Here's our list of the top 10 BI software mistakes you should avoid, why and how:
1) Lack of executive sponsorship and active business involvement.
Everyone knows that any major IT effort needs executive sponsorship, but in the case of a BI software implementation the big mistake by the CFO, the chief marketing officer or other sponsor is to not be actively involved. It takes frequent injections of business process and strategy savvy to guide the IT team and prevent scope or data creep.
BI projects typically go way over budget when a directionless IT staff isn't given enough parameters about how much data is enough. They get into the bragging rights trap my warehouse is bigger than yours. Costs skyrocket, response times lag, results are muddied and the entire project capsizes from its own weight.
Without continuous guidance from the business side, "IT tries to stuff everything into a warehouse to address absolutely any question a user could conceivably ask," notes Howard Dresner, a former Gartner analyst who coined the phrase business intelligence and author of a new book on performance management on performance management.

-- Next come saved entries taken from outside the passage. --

lemma additive3_frame_companion:
  assumes add: "additive3 h" and indep: "lin_indep3 (h v1) (h v2) (h v3)"
    and point_images: "\<And>v. v \<in> {v1, v2, v3, vadd3 v1 (vadd3 v2 v3)} \<Longrightarrow> h ` pg_point v \<subseteq> pg_point (h v)"
  obtains \<tau> where "\<tau> 1 = 1"
    "\<And>a b c. h (lincomb3 v1 v2 v3 a b c) = lincomb3 (h v1) (h v2) (h v3) (\<tau> a) (\<tau> b) (\<tau> c)"
proof -
  let ?v4 = "vadd3 v1 (vadd3 v2 v3)"
  have hadd: "\<And>u v. h (vadd3 u v) = vadd3 (h u) (h v)"
    using add unfolding additive3_def by blast
  have "\<exists>s. h (smul3 t v) = smul3 s (h v)" if "v \<in> {v1, v2, v3, ?v4}" for v t
    using point_images[OF that] smul3_in_pg_point[OF pg_point_self] unfolding pg_point_def by blast
  then obtain \<sigma> where \<sigma>: "\<And>v t. v \<in> {v1, v2, v3, ?v4} \<Longrightarrow> h (smul3 t v) = smul3 (\<sigma> v t) (h v)"
    by metis
  have \<sigma>123: "h (smul3 t v1) = smul3 (\<sigma> v1 t) (h v1)" "h (smul3 t v2) = smul3 (\<sigma> v2 t) (h v2)"
    "h (smul3 t v3) = smul3 (\<sigma> v3 t) (h v3)" for t
    by (simp_all add: \<sigma>)
  have same: "\<sigma> v2 t = \<sigma> v1 t \<and> \<sigma> v3 t = \<sigma> v1 t" for t
  proof -
    have "lincomb3 (h v1) (h v2) (h v3) (\<sigma> v1 t) (\<sigma> v2 t) (\<sigma> v3 t) = h (smul3 t ?v4)"
      by (simp only: hadd smul3_vadd3 lincomb3_def \<sigma>123)
    also have "\<dots> = smul3 (\<sigma> ?v4 t) (h ?v4)"
      by (rule \<sigma>) simp
    also have "\<dots> = lincomb3 (h v1) (h v2) (h v3) (\<sigma> ?v4 t) (\<sigma> ?v4 t) (\<sigma> ?v4 t)"
      by (simp only: hadd smul3_vadd3 lincomb3_def)
    finally show ?thesis
      using lincomb3_eq_iff[OF indep] by metis
  qed
  have "smul3 (\<sigma> v1 1) (h v1) = smul3 1 (h v1)"
    using \<sigma>[of v1 1] by simp
  then have "\<sigma> v1 1 = 1"
    using lin_indep3_nonzero(1)[OF indep] smul3_cancel_right by blast
  moreover have "h (lincomb3 v1 v2 v3 a b c) =
      lincomb3 (h v1) (h v2) (h v3) (\<sigma> v1 a) (\<sigma> v1 b) (\<sigma> v1 c)" for a b c
    by (simp only: hadd lincomb3_def smul3_vadd3 \<sigma>123 same)
  ultimately show ?thesis
    using that by blast
qed

lemma companion_additive:
  assumes add: "additive3 h" and indep: "lin_indep3 w1 w2 w3"
    and lin: "\<And>a b c. h (lincomb3 v1 v2 v3 a b c) = lincomb3 w1 w2 w3 (\<tau> a) (\<tau> b) (\<tau> c)"
  shows "\<tau> (s + t) = \<tau> s + \<tau> t"
proof -
  have "lincomb3 w1 w2 w3 (\<tau> (s + t)) (\<tau> (0 + 0)) (\<tau> (0 + 0)) =
      h (vadd3 (lincomb3 v1 v2 v3 s 0 0) (lincomb3 v1 v2 v3 t 0 0))"
    by (simp only: lin lincomb3_add)
  also have "\<dots> = lincomb3 w1 w2 w3 (\<tau> s + \<tau> t) (\<tau> 0 + \<tau> 0) (\<tau> 0 + \<tau> 0)"
    using add unfolding additive3_def by (simp only: lin, simp only: lincomb3_add)
  finally show ?thesis
    using lincomb3_eq_iff[OF indep] by blast
qed

lemma companion_inj:
  assumes "inj h" and indep: "lin_indep3 v1 v2 v3"
    and lin: "\<And>a b c. h (lincomb3 v1 v2 v3 a b c) = lincomb3 w1 w2 w3 (\<tau> a) (\<tau> b) (\<tau> c)"
  shows "inj \<tau>"
proof (rule injI)
  fix s t assume "\<tau> s = \<tau> t"
  then have "h (lincomb3 v1 v2 v3 s 0 0) = h (lincomb3 v1 v2 v3 t 0 0)"
    by (simp only: lin)
  then show "s = t"
    using \<open>inj h\<close> lincomb3_eq_iff[OF indep] by (simp add: inj_eq)
qed

lemma companion_mult_at_coord:
  assumes indep: "lin_indep3 w1 w2 w3" and "\<tau> 1 = 1"
    and lin: "\<And>a b c. h (lincomb3 v1 v2 v3 a b c) = lincomb3 w1 w2 w3 (\<tau> a) (\<tau> b) (\<tau> c)"
    and line: "h ` pg_point (lincomb3 v1 v2 v3 1 y z) \<subseteq> pg_point (h (lincomb3 v1 v2 v3 1 y z))"
  shows "\<tau> (c * z) = \<tau> c * \<tau> z"
proof -
  let ?u = "lincomb3 v1 v2 v3 1 y z"
  obtain s where "h (smul3 c ?u) = smul3 s (h ?u)"
    using line smul3_in_pg_point[OF pg_point_self] unfolding pg_point_def by blast
  then have "lincomb3 w1 w2 w3 (\<tau> c) (\<tau> (c * y)) (\<tau> (c * z)) =
      lincomb3 w1 w2 w3 s (s * \<tau> y) (s * \<tau> z)"
    by (simp add: lincomb3_smul3 lin \<open>\<tau> 1 = 1\<close>)
  then show ?thesis
    using lincomb3_eq_iff[OF indep] by simp
qed

lemma diff_closed_card_gt_half_eq_UNIV:
  fixes M :: "'a::{group_add,finite} set"
  assumes diff: "\<And>x y. x \<in> M \<Longrightarrow> y \<in> M \<Longrightarrow> x - y \<in> M"
    and large: "card (UNIV :: 'a set) < 2 * card M"
  shows "M = UNIV"
proof (rule ccontr)
  assume "M \<noteq> UNIV"
  then obtain x where "x \<notin> M"
    by blast
  then have "M \<inter> (+) x ` M = {}"
    using diff by (metis add_diff_cancel disjoint_iff imageE)
  then have "card M + card ((+) x ` M) \<le> card (UNIV :: 'a set)"
    by (metis card_Un_disjoint card_mono finite subset_UNIV)
  moreover have "card ((+) x ` M) = card M"
    by (simp add: card_image)
  ultimately show False
    using large by simp
qed

lemma companion_multiplicative:
  fixes Ov :: "'a::{field,finite} vec3 set set"
  assumes ov: "is_oval Ov" and "3 \<le> card (UNIV :: 'a set)"
    and frame: "pg_point v2 \<in> Ov" "pg_point v3 \<in> Ov" and indep_v: "lin_indep3 v1 v2 v3"
    and add: "additive3 h" and indep_w: "lin_indep3 w1 w2 w3" and "\<tau> 1 = 1"
    and lin: "\<And>a b c. h (lincomb3 v1 v2 v3 a b c) = lincomb3 w1 w2 w3 (\<tau> a) (\<tau> b) (\<tau> c)"
    and point_images: "\<And>v. pg_point v \<in> Ov \<Longrightarrow> v \<noteq> zero3 \<Longrightarrow> h ` pg_point v \<subseteq> pg_point (h v)"
  shows "\<tau> (s * t) = \<tau> s * \<tau> t"
proof -
  define M where "M = {z. \<forall>c. \<tau> (c * z) = \<tau> c * \<tau> z}"
  let ?Z = "{z. \<exists>P\<in>Ov. \<exists>y. lincomb3 v1 v2 v3 1 y z \<in> P}"
  have "?Z \<subseteq> M"
  proof safe
    fix z P y
    let ?u = "lincomb3 v1 v2 v3 1 y z"
    assume "P \<in> Ov" "?u \<in> P"
    moreover have "?u \<noteq> zero3"
      using lincomb3_eq_zero3_iff[OF indep_v] by simp
    ultimately have "P = pg_point ?u"
      using oval_subset_pg2_points[OF ov] pg2_points_eq_pg_point by blast
    then show "z \<in> M"
      using point_images \<open>P \<in> Ov\<close> \<open>?u \<noteq> zero3\<close> companion_mult_at_coord[where h = h, OF indep_w \<open>\<tau> 1 = 1\<close> lin]
      unfolding M_def by blast
  qed
  then have "card (UNIV :: 'a set) - 1 \<le> card M"
    using oval_card_normalized_coords[OF ov frame indep_v] card_mono[of M ?Z] by simp
  moreover have "\<tau> (a - b) = \<tau> a - \<tau> b" for a b
    using companion_additive[OF add indep_w lin, of "a - b" b] by (simp add: eq_diff_eq)
  then have "x - y \<in> M" if "x \<in> M" "y \<in> M" for x y
    using that unfolding M_def by (simp add: right_diff_distrib)
  ultimately have "M = UNIV"
    using \<open>3 \<le> card (UNIV :: 'a set)\<close> by (intro diff_closed_card_gt_half_eq_UNIV) auto
  then show ?thesis
    unfolding M_def by blast
qed

lemma semilinear_F_if_card_UNIV_2:
  fixes h :: "'a::{field,finite} vec3 \<Rightarrow> 'a vec3"
  assumes "card (UNIV :: 'a set) = 2" "bij h" "additive3 h"
  shows "semilinear_F h"
proof -
  have "{0::'a, 1} = UNIV"
    by (rule card_subset_eq) (use assms(1) in auto)
  then have "t = 0 \<or> t = 1" for t :: 'a
    by blast
  then have "h (smul3 t v) = smul3 (id t) (h v)" for t v
    using additive3_zero3[OF assms(3)] by (metis id_apply smul3_one smul3_zero)
  moreover have "field_aut_on UNIV id"
    by (simp add: field_aut_on_def)
  ultimately show ?thesis
    using assms(2,3) unfolding semilinear_F_def additive3_def by blast
qed

lemma semilinear_F_if_lincomb3:
  fixes h :: "'a::{field,finite} vec3 \<Rightarrow> 'a vec3"
  assumes "bij h" "additive3 h" and indep_v: "lin_indep3 v1 v2 v3" and indep_w: "lin_indep3 w1 w2 w3"
    and lin: "\<And>a b c. h (lincomb3 v1 v2 v3 a b c) = lincomb3 w1 w2 w3 (\<tau> a) (\<tau> b) (\<tau> c)"
    and mult: "\<And>s t. \<tau> (s * t) = \<tau> s * \<tau> t"
  shows "semilinear_F h"
proof -
  have "inj \<tau>"
    using companion_inj[OF bij_is_inj[OF \<open>bij h\<close>] indep_v lin] .
  then have "bij \<tau>"
    by (simp add: bij_def finite_UNIV_inj_surj)
  then have "field_aut_on UNIV \<tau>"
    using companion_additive[OF \<open>additive3 h\<close> indep_w lin] mult by (simp add: field_aut_on_def)
  moreover have "h (smul3 t v) = smul3 (\<tau> t) (h v)" for t v
  proof -
    obtain a b c where "v = lincomb3 v1 v2 v3 a b c"
      using lincomb3_surj[OF indep_v] by blast
    then show ?thesis
      by (simp add: lincomb3_smul3 lin mult)
  qed
  ultimately show ?thesis
    using assms(1,2) unfolding semilinear_F_def additive3_def by blast
qed

theorem semilinear_F_if_maps_oval:
  fixes h :: "'a::{field,finite} vec3 \<Rightarrow> 'a vec3"
  assumes bij: "bij h" and add: "additive3 h" and ov1: "is_oval O1" and ov2: "is_oval O2"
    and maps: "\<And>P. P \<in> O1 \<Longrightarrow> h ` P \<in> O2"
  shows "semilinear_F h"
proof (cases "card (UNIV :: 'a set) = 2")
  case True
  \<comment> \<open>Over GF(2) an oval has only three points, too few for a frame, but additive maps are linear.\<close>
  then show ?thesis
    using semilinear_F_if_card_UNIV_2 bij add by blast
next
  case False
  have "card {0::'a, 1} \<le> card (UNIV :: 'a set)"
    by (rule card_mono) auto
  with False have N3: "3 \<le> card (UNIV :: 'a set)"
    by simp
  obtain v1 v2 v3 where frame: "pg_point v1 \<in> O1" "pg_point v2 \<in> O1" "pg_point v3 \<in> O1"
      "pg_point (vadd3 v1 (vadd3 v2 v3)) \<in> O1" and indep_v: "lin_indep3 v1 v2 v3"
    using oval_frame[OF ov1 N3] .
  have inj: "inj h"
    using bij by (rule bij_is_inj)
  have point_images: "h ` pg_point v \<subseteq> pg_point (h v)" if "pg_point v \<in> O1" "v \<noteq> zero3" for v
    using additive3_image_pg_point[OF inj add _ that(2)] maps[OF that(1)] oval_subset_pg2_points[OF ov2]
    by blast
  have indep_w: "lin_indep3 (h v1) (h v2) (h v3)"
    using additive3_image_oval_lin_indep3[OF inj add ov2 indep_v] maps frame by blast
  have "vadd3 v1 (vadd3 v2 v3) \<noteq> zero3"
    using lincomb3_eq_zero3_iff[OF indep_v, of 1 1 1] by (simp add: lincomb3_def)
  then obtain \<tau> where \<tau>1: "\<tau> 1 = 1" and lin:
    "\<And>a b c. h (lincomb3 v1 v2 v3 a b c) = lincomb3 (h v1) (h v2) (h v3) (\<tau> a) (\<tau> b) (\<tau> c)"
    using additive3_frame_companion[OF add indep_w] point_images frame lin_indep3_nonzero[OF indep_v] by blast
  have "\<tau> (s * t) = \<tau> s * \<tau> t" for s t
    using companion_multiplicative[OF ov1 N3 frame(2,3) indep_v add indep_w \<tau>1 lin point_images] .
  then show ?thesis
    using semilinear_F_if_lincomb3[OF bij add indep_v indep_w lin] by blast
qed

As a result, IT burns tons of cash, takes far too long and creates inordinate complexity. Warehouses neednt be big, they just need to be useful."
2) Inadequate scrutiny over the data.
Just having the right extraction-transform-load tool doesn't make the data correct and current. Poor quality data can destroy the credibility and utilization of data warehouses and business intelligence systems.
This is not an IT challenge but a business challenge. If the key business staff aren't involved in identifying the right data stores and solving the inconsistencies how many definitions of customer are in your systems? the project will fail.
3) Not easy to use.
Too many IT implementers forget that the biggest benefits of a BI software solutions come from widespread deployment. This means the user profile will range from a doctorate in mathematics to an associate degree from the local community college.
The software user interface, graphics and what-if query capabilities have to be intuitive. If the fancy chi-squared distributions are the most prominent tool, you'll freak out many users. Keep the heavy-duty tools easily available, though the power users want everything.
4) Poor performance.
User expectations about query response times will be much higher than you realize. If the data warehouse has more than one terabyte or more than 100 heavy users, consider more processor horsepower via a data warehouse appliance. Develop more cubes or other ways to optimize performance now, not afterwards.
A related mistake is not recognizing the enthusiasm factor. A successful system begets huge interest.
"Some organizations are cursed with success and can't seem to keep up with user demand," warns Wayne Eckerson, director of research at The Data Warehousing Institute (TDWI), the pre-eminent organization in the BI field for IT pros.
5) Too many or too few BI software tools.
Both Dresner and Erickson warn that IT has to be careful about how many tools are available. Too many tools lead to a lot of confusion and soaring training costs. Too few tools frustrate the users.
Just relying on the tools provided by an ERP vendor may not be the way to go, warns Dresner. Think strategically about the toolset, he recommends.